(* Let $n,k\geq 1$ and let ${\bf m}=(m_1,\dots,m_k)$ be an array of nonnegative integers. For every permutation $\tau\in\mathfrak{S}_k$ there exists a bijection $\mathfrak{a}\mapsto\mathfrak{b}$ from $\mathcal{A}_n^k({\bf m})$ onto $\mathcal{A}_n^k({\bf m}')$, where ${\bf m}'=(m_{\tau(1)},\dots,m_{\tau(k)})$, such that $\mathrm{DEZ}(\mathfrak{a})=\mathrm{DEZ}(\mathfrak{b})$ and $\mathrm{Der}(\mathfrak{a})=\mathrm{Der}(\mathfrak{b})$.
   Context: $\mathfrak{S}_n$ is the set of permutations of $[n]=\{1,\dots,n\}$; $\mathrm{FIX}(\pi)=\{i:\pi(i)=i\}$. For $k\ge1$, a $k$-arrangement of $[n]$ is a pair $\mathfrak{a}=(\pi,\phi)$ with $\pi\in\mathfrak{S}_n$ and $\phi:\mathrm{FIX}(\pi)\to\{-1,\dots,-k\}$ arbitrary; $\mathcal{A}_n^k$ is the set of them. The positive reduction of an integer word replaces every occurrence of its $i$-th smallest positive letter by $i$, for all $i$ (negative letters unchanged). The derangement form $\mathrm{df}_k(\mathfrak{a})$ is obtained from $\pi(1)\cdots\pi(n)$ by replacing $\pi(i)$ with $\phi(i)$ for each $i\in\mathrm{FIX}(\pi)$ and then applying positive reduction. For an integer word $w=w_1\cdots w_n$, $\mathrm{DES}(w)=\{i\in[n-1]:w_i>w_{i+1}\}$, and $\mathrm{Pos}(w)$ is the subword of positive letters. $\mathrm{DEZ}(\mathfrak{a})=\mathrm{DES}(\mathrm{df}_k(\mathfrak{a}))$, $\mathrm{Der}(\mathfrak{a})=\mathrm{Pos}(\mathrm{df}_k(\mathfrak{a}))$, $\mathrm{fix}_i(\mathfrak{a})=|\{j\in\mathrm{FIX}(\pi):\phi(j)=-i\}|$, and $\mathcal{A}_n^k({\bf m})=\{\mathfrak{a}\in\mathcal{A}_n^k:\mathrm{fix}_i(\mathfrak{a})=m_i,\ 1\le i\le k\}$. *)

theory Defs
  imports "HOL-Combinatorics.Permutations"
begin

definition FIX :: "nat \<Rightarrow> (nat \<Rightarrow> nat) \<Rightarrow> nat set" where
  "FIX n \<pi> = {i \<in> {1..n}. \<pi> i = i}"

text \<open>k-arrangements of [n]: pairs (pi, phi), pi a permutation of {1..n},
  phi : FIX(pi) -> {-1,...,-k}; phi is normalised to 0 outside FIX(pi)
  so that the pair is uniquely represented.\<close>
definition arrangements :: "nat \<Rightarrow> nat \<Rightarrow> ((nat \<Rightarrow> nat) \<times> (nat \<Rightarrow> int)) set" where
  "arrangements n k = {(\<pi>, \<phi>). \<pi> permutes {1..n}
      \<and> (\<forall>i \<in> FIX n \<pi>. \<phi> i \<in> {-int k..-1})
      \<and> (\<forall>i. i \<notin> FIX n \<pi> \<longrightarrow> \<phi> i = 0)}"

definition fixcount :: "nat \<Rightarrow> (nat \<Rightarrow> nat) \<times> (nat \<Rightarrow> int) \<Rightarrow> nat \<Rightarrow> nat" where
  "fixcount n a i = card {j \<in> FIX n (fst a). snd a j = - int i}"

definition arrangements_m :: "nat \<Rightarrow> nat \<Rightarrow> (nat \<Rightarrow> nat) \<Rightarrow> ((nat \<Rightarrow> nat) \<times> (nat \<Rightarrow> int)) set" where
  "arrangements_m n k m = {a \<in> arrangements n k. \<forall>i \<in> {1..k}. fixcount n a i = m i}"

definition pos_red :: "int list \<Rightarrow> int list" where
  "pos_red w = map (\<lambda>x. if x > 0 then int (card {y \<in> set w. 0 < y \<and> y \<le> x}) else x) w"

definition df :: "nat \<Rightarrow> (nat \<Rightarrow> nat) \<times> (nat \<Rightarrow> int) \<Rightarrow> int list" where
  "df n a = pos_red (map (\<lambda>i. if fst a i = i then snd a i else int (fst a i)) [1..<n+1])"

text \<open>Descent set of a word, positions 1-based.\<close>
definition DES :: "int list \<Rightarrow> nat set" where
  "DES w = {i \<in> {1..<length w}. w ! (i - 1) > w ! i}"

definition Pos :: "int list \<Rightarrow> int list" where
  "Pos w = filter (\<lambda>x. x > 0) w"

definition DEZ :: "nat \<Rightarrow> (nat \<Rightarrow> nat) \<times> (nat \<Rightarrow> int) \<Rightarrow> nat set" where
  "DEZ n a = DES (df n a)"

definition Der :: "nat \<Rightarrow> (nat \<Rightarrow> nat) \<times> (nat \<Rightarrow> int) \<Rightarrow> int list" where
  "Der n a = Pos (df n a)"

end

theory Submission
  imports Defs
begin

(* The bijection keeps pi and changes only the colours phi. DEZ and Der see an arrangement only
   through the word w obtained from pi(1) ... pi(n) by writing phi(i) at the fixed points, i.e. df
   before positive reduction: through its descent set and its positive subword, because positive
   reduction is strictly monotone on the letters of w. The colours are the negative letters of w, so
   it suffices to exchange the multiplicities of two adjacent letters c, c+1 < 0 in a word while
   keeping every other letter in place and the descent set unchanged; such exchanges generate all
   permutations of the colours. The exchange cuts the word at its factors (c+1) c, which carry all
   descents among the letters c and c+1, and replaces each remaining maximal factor c^x (c+1)^y by
   c^y (c+1)^x. It is an involution. *)

lemma count_list_replicate: "count_list (replicate n x) y = (if x = y then n else 0)"
  by (induction n) auto

fun descents :: "'a::linorder list \<Rightarrow> bool list" where
  "descents (u # v # w) = (v < u) # descents (v # w)"
| "descents _ = []"

lemma descents_Cons: "descents (u # w) = (case w of [] \<Rightarrow> [] | v # _ \<Rightarrow> (v < u) # descents w)"
  by (cases w) auto

lemma descents_Cons_cong:
  assumes "descents w = descents w'" "length w = length w'" "hd w < u \<longleftrightarrow> hd w' < u"
  shows "descents (u # w) = descents (u # w')"
  using assms by (cases w; cases w') (simp_all add: descents_Cons)

lemma descents_append_Cons: "descents (xs @ u # ys) = descents (xs @ [u]) @ descents (u # ys)"
  by (induction xs rule: descents.induct) auto

lemma descents_snoc: "xs \<noteq> [] \<Longrightarrow> descents (xs @ [u]) = descents xs @ [u < last xs]"
  by (induction xs rule: descents.induct) auto

lemma descents_sorted: "sorted xs \<Longrightarrow> descents xs = replicate (length xs - 1) False"
  by (induction xs rule: descents.induct) auto

lemma nth_descents: "Suc i < length w \<Longrightarrow> descents w ! i = (w ! Suc i < w ! i)"
  by (induction w arbitrary: i rule: descents.induct) (auto simp: nth_Cons split: nat.split)

lemma DES_eq_if_descents_eq:
  assumes "length w = length w'" "descents w = descents w'"
  shows "DES w = DES w'"
proof -
  have "w ! i < w ! (i - 1) \<longleftrightarrow> w' ! i < w' ! (i - 1)" if "i \<in> {1..<length w}" for i
    using nth_descents[of "i - 1" w] nth_descents[of "i - 1" w'] that assms by auto
  then show ?thesis
    using assms(1) by (auto simp: DES_def)
qed

lemma DES_map_strict_mono:
  assumes "strict_mono_on (set w) f"
  shows "DES (map f w) = DES w"
  using strict_mono_on_less[OF assms] by (auto simp: DES_def)

definition pos_rank :: "int list \<Rightarrow> int \<Rightarrow> int" where
  "pos_rank w x = (if 0 < x then int (card {y \<in> set w. 0 < y \<and> y \<le> x}) else x)"

lemma pos_red_eq_map_pos_rank: "pos_red w = map (pos_rank w) w"
  by (simp add: pos_red_def pos_rank_def)

lemma pos_rank_pos_iff: "x \<in> set w \<Longrightarrow> 0 < pos_rank w x \<longleftrightarrow> 0 < x"
  by (auto simp: pos_rank_def card_gt_0_iff)

lemma strict_mono_on_pos_rank: "strict_mono_on (set w) (pos_rank w)"
proof (rule strict_mono_onI)
  fix x y assume xy: "x \<in> set w" "y \<in> set w" "x < y"
  show "pos_rank w x < pos_rank w y"
  proof (cases "0 < x")
    case True
    have "{z \<in> set w. 0 < z \<and> z \<le> x} \<subset> {z \<in> set w. 0 < z \<and> z \<le> y}"
    proof
      show "{z \<in> set w. 0 < z \<and> z \<le> x} \<subseteq> {z \<in> set w. 0 < z \<and> z \<le> y}"
        using xy(3) by auto
      have "y \<notin> {z \<in> set w. 0 < z \<and> z \<le> x}" "y \<in> {z \<in> set w. 0 < z \<and> z \<le> y}"
        using xy True by auto
      then show "{z \<in> set w. 0 < z \<and> z \<le> x} \<noteq> {z \<in> set w. 0 < z \<and> z \<le> y}"
        by blast
    qed
    then have "card {z \<in> set w. 0 < z \<and> z \<le> x} < card {z \<in> set w. 0 < z \<and> z \<le> y}"
      by (intro psubset_card_mono) simp_all
    then show ?thesis
      using True xy(3) by (simp add: pos_rank_def)
  next
    case False
    then have "pos_rank w x = x" by (simp add: pos_rank_def)
    moreover have "x < pos_rank w y"
      using False xy pos_rank_pos_iff[of y w] by (cases "0 < y") (simp_all add: pos_rank_def)
    ultimately show ?thesis by simp
  qed
qed

lemma DES_pos_red: "DES (pos_red w) = DES w"
  by (simp add: pos_red_eq_map_pos_rank DES_map_strict_mono strict_mono_on_pos_rank)

lemma Pos_pos_red: "Pos (pos_red w) = pos_red (Pos w)"
proof -
  have "Pos (pos_red w) = map (pos_rank w) (Pos w)"
    unfolding Pos_def pos_red_eq_map_pos_rank filter_map o_def
    using pos_rank_pos_iff[of _ w] by (metis (mono_tags, lifting) filter_cong)
  also have "\<dots> = map (pos_rank (Pos w)) (Pos w)"
    by (rule map_cong) (auto simp: pos_rank_def Pos_def)
  finally show ?thesis
    by (simp add: pos_red_eq_map_pos_rank)
qed

definition run :: "int \<Rightarrow> nat \<Rightarrow> nat \<Rightarrow> int list" where
  "run c x y = replicate x c @ replicate y (c + 1)"

(* x and y record the factor c^x (c+1)^y read since the last cut; a letter c arriving when y > 0
   completes the cut (c+1) c. *)
fun letter_swap_scan :: "int \<Rightarrow> nat \<Rightarrow> nat \<Rightarrow> int list \<Rightarrow> int list" where
  "letter_swap_scan c x y [] = run c y x"
| "letter_swap_scan c x y (v # w) =
     (if v = c \<and> y = 0 then letter_swap_scan c (Suc x) 0 w
      else if v = c + 1 then letter_swap_scan c x (Suc y) w
      else if v = c then run c (y - 1) x @ (c + 1) # c # letter_swap_scan c 0 0 w
      else run c y x @ v # letter_swap_scan c 0 0 w)"

definition letter_swap :: "int \<Rightarrow> int list \<Rightarrow> int list" where
  "letter_swap c w = letter_swap_scan c 0 0 w"

lemma letter_swap_scan_replicate_first:
  "letter_swap_scan c x 0 (replicate i c @ w) = letter_swap_scan c (x + i) 0 w"
  by (induction i arbitrary: x) auto

lemma letter_swap_scan_replicate_second:
  "letter_swap_scan c x y (replicate j (c + 1) @ w) = letter_swap_scan c x (y + j) w"
  by (induction j arbitrary: y) auto

lemma letter_swap_run_append: "letter_swap c (run c x y @ w) = letter_swap_scan c x y w"
  by (simp add: letter_swap_def run_def
      letter_swap_scan_replicate_first letter_swap_scan_replicate_second)

lemma letter_swap_run: "letter_swap c (run c x y) = run c y x"
  using letter_swap_run_append[of c x y "[]"] by simp

lemma letter_swap_run_descent:
  "letter_swap c (run c x y @ (c + 1) # c # w) = run c y x @ (c + 1) # c # letter_swap c w"
  unfolding letter_swap_run_append by (simp add: letter_swap_def)

lemma letter_swap_run_other:
  "v \<noteq> c \<Longrightarrow> v \<noteq> c + 1 \<Longrightarrow> letter_swap c (run c x y @ v # w) = run c y x @ v # letter_swap c w"
  unfolding letter_swap_run_append by (simp add: letter_swap_def)

lemma run_decomposition:
  "\<exists>x y t. w = run c x y @ t \<and>
     (t = [] \<or> (\<exists>r. t = (c + 1) # c # r) \<or> (\<exists>v r. v \<noteq> c \<and> v \<noteq> c + 1 \<and> t = v # r))"
proof (induction w)
  case Nil
  have "[] = run c 0 0 @ []" by (simp add: run_def)
  then show ?case by blast
next
  case (Cons u w)
  then obtain x y t where w: "w = run c x y @ t"
    and t: "t = [] \<or> (\<exists>r. t = (c + 1) # c # r) \<or> (\<exists>v r. v \<noteq> c \<and> v \<noteq> c + 1 \<and> t = v # r)"
    by blast
  consider "u = c" | "u = c + 1" "x = 0" | "u = c + 1" "x \<noteq> 0" | "u \<noteq> c" "u \<noteq> c + 1"
    by blast
  then show ?case
  proof cases
    case 1
    then have "u # w = run c (Suc x) y @ t" by (simp add: w run_def)
    then show ?thesis using t by blast
  next
    case 2
    then have "u # w = run c 0 (Suc y) @ t" by (simp add: w run_def)
    then show ?thesis using t by blast
  next
    case 3
    then have "u # w = run c 0 0 @ (c + 1) # c # (run c (x - 1) y @ t)"
      by (cases x) (simp_all add: w run_def)
    then show ?thesis by blast
  next
    case 4
    then have "u # w = run c 0 0 @ u # w" by (simp add: run_def)
    then show ?thesis using 4 by blast
  qed
qed
(* Let $\nu>0$ and let $F$ be a distribution function on $\mathbb R$ with $F\in\mathrm{AGG}(\nu)$. For each $p\in\mathbb N$, let $\epsilon_p(1),\ldots,\epsilon_p(p)$ be random variables, each with marginal distribution $F$, with arbitrary dependence among them. Let $M_p=\max_{j=1,\ldots,p}\epsilon_p(j)$, let $u_q=F^{\leftarrow}(1-1/q)$, let $c_p=u_{p\log p}/u_p-1$, and set $$\xi_p:=\frac{M_p}{(1+c_p)u_p}.$$ Then there exist $p_0,t_0>0$ and an absolute constant $C>0$ such that $$\mathbb P[\xi_p>t]\le \exp\{-Ct^\nu\}\quad\text{for all } p>p_0,\ t>t_0.$$ In particular, the family $\{(\xi_p)_+ : p\in\mathbb N\}$ is uniformly integrable.
   Context: $F^{\leftarrow}(u)=\inf\{x: F(x)\ge u\}$ denotes the generalized inverse, and $\overline F=1-F$. A distribution $F$ has asymptotically generalized Gaussian tails of index $\nu>0$, written $F\in\mathrm{AGG}(\nu)$, if $\log \overline F(x) = -\frac{1}{\nu}x^\nu(1+o(1))$ as $x\to\infty$ (equivalently, for every $\epsilon>0$ there is $C(\epsilon)$ with $-\frac1\nu x^\nu(1+\epsilon)\le \log\overline F(x)\le -\frac1\nu x^\nu(1-\epsilon)$ for all $x\ge C(\epsilon)$). $(a)_+=\max\{a,0\}$. *)

theory Defs
  imports "HOL-Probability.Probability"
begin

definition distribution_function :: "(real \<Rightarrow> real) \<Rightarrow> bool" where
  "distribution_function F \<longleftrightarrow>
     mono F \<and> (\<forall>x. continuous (at_right x) F) \<and>
     (F \<longlongrightarrow> 0) at_bot \<and> (F \<longlongrightarrow> 1) at_top"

--------------------

[Task instructions]: Only lines that hold the string "assumes" belong in the answer, so copy every one of them from the records.

[Answer to this exercise]:
  assumes "descents w = descents w'" "length w = length w'" "hd w < u \<longleftrightarrow> hd w' < u"
  assumes "length w = length w'" "descents w = descents w'"
  assumes "strict_mono_on (set w) f"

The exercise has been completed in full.